An Example

1% of all communities initiate 74% of all conflicts on Reddit. The red nodes (communities) in this map initiate a large amount of conflict, and we can see that these conflict intiating nodes are rare and clustered together in certain social regions.

"Come look at all the brainwashed idiots in r/Documentaries
Seriously, none of those people are willing to even CONSIDER that our own country orchestrated the 9/11 attacks. They are all 100% certain the “turrists” were behind it all, and all of the smart people who argue it are getting downvoted to the depths of hell. Damn shame. Wish people would do their research. Here's the link."


The above post in reddit.com/r/conspiracy (now deleted) led to several members of r/conspiracy posting uncivil comments (starting a 'raid') on the linked post in reddit.com/r/Documentaries.
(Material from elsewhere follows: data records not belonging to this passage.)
(* Let $R$ be an associative ring with identity and $M$ a left $R$-module which is projective in $\sigma[M]$. Suppose that for every fully invariant submodule $N\leq M$ the factor module $M/N$ has finite uniform dimension. Then the topological space $LgSpec(M)$ is weakly scattered.
   Context: $\Lambda^{fi}(M)$ is the set of fully invariant submodules of $M$. For $N,L\leq M$, $N_ML=\sum\{f(N)\mid f\in\mathrm{Hom}_R(M,L)\}$. $LgSpec(M)$ is the set of submodules $P\neq M$ such that for all $N,L\in\Lambda^{fi}(M)$, $N_ML\subseteq P$ implies $N\subseteq P$ or $L\subseteq P$, with the topology whose open sets are $\{P\in LgSpec(M)\mid N\nsubseteq P\}$, $N\in\Lambda^{fi}(M)$. A topological space $S$ is weakly scattered if every non-empty closed subset $F$ contains a point $x$ that is weakly isolated in $F$, i.e. there is an open set $U$ with $x\in U\cap F\subseteq\overline{\{x\}}$. *)

theory Defs
  imports "HOL-Algebra.Module" "HOL-Analysis.Abstract_Topology"
begin

(* Left modules over an arbitrary (not necessarily commutative) associative ring
   with identity.  (HOL-Algebra's locale module requires a commutative ring.) *)
definition lmodule :: "'r ring \<Rightarrow> ('r, 'a) module \<Rightarrow> bool" where
  "lmodule R M \<longleftrightarrow> ring R \<and> abelian_group M \<and>
     (\<forall>r\<in>carrier R. \<forall>x\<in>carrier M. smult M r x \<in> carrier M) \<and>
     (\<forall>r\<in>carrier R. \<forall>s\<in>carrier R. \<forall>x\<in>carrier M.
        smult M (add R r s) x = add M (smult M r x) (smult M s x)) \<and>
     (\<forall>r\<in>carrier R. \<forall>x\<in>carrier M. \<forall>y\<in>carrier M.
        smult M r (add M x y) = add M (smult M r x) (smult M r y)) \<and>
     (\<forall>r\<in>carrier R. \<forall>s\<in>carrier R. \<forall>x\<in>carrier M.
        smult M (mult R r s) x = smult M r (smult M s x)) \<and>
     (\<forall>x\<in>carrier M. smult M (one R) x = x)"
Therefore, in this research paper (published at The Web Conference, WWW 2018), we conduct a data driven analysis of how conflicts/raids occur between communities in Reddit, their impact, mitigation, and prediction.

Overview

User-defined communities are an essential component of many web platforms, where users express their ideas, opinions, and share information. However, despite their positive benefits, online communities also have the potential to be breeding grounds for conflict and anti-social behavior.


Here we used 40 months of Reddit comments and posts (available at pushshift.io, many thanks to Jason Michael Baumgartner!) to examine cases of intercommunity conflict ('wars' or 'raids'), where members of one Reddit community, called "subreddit", collectively mobilize to participate in or attack another community.


We discovered these conflict events by searching for cases where one community posted a hyperlink to another community, focusing on cases where these hyperlinks were associated with negative sentiment (e.g., "come look at all the idiots in community X") and led to increased antisocial activity in the target community. We analyzed a total of 137,113 cross-links between 36,000 communities.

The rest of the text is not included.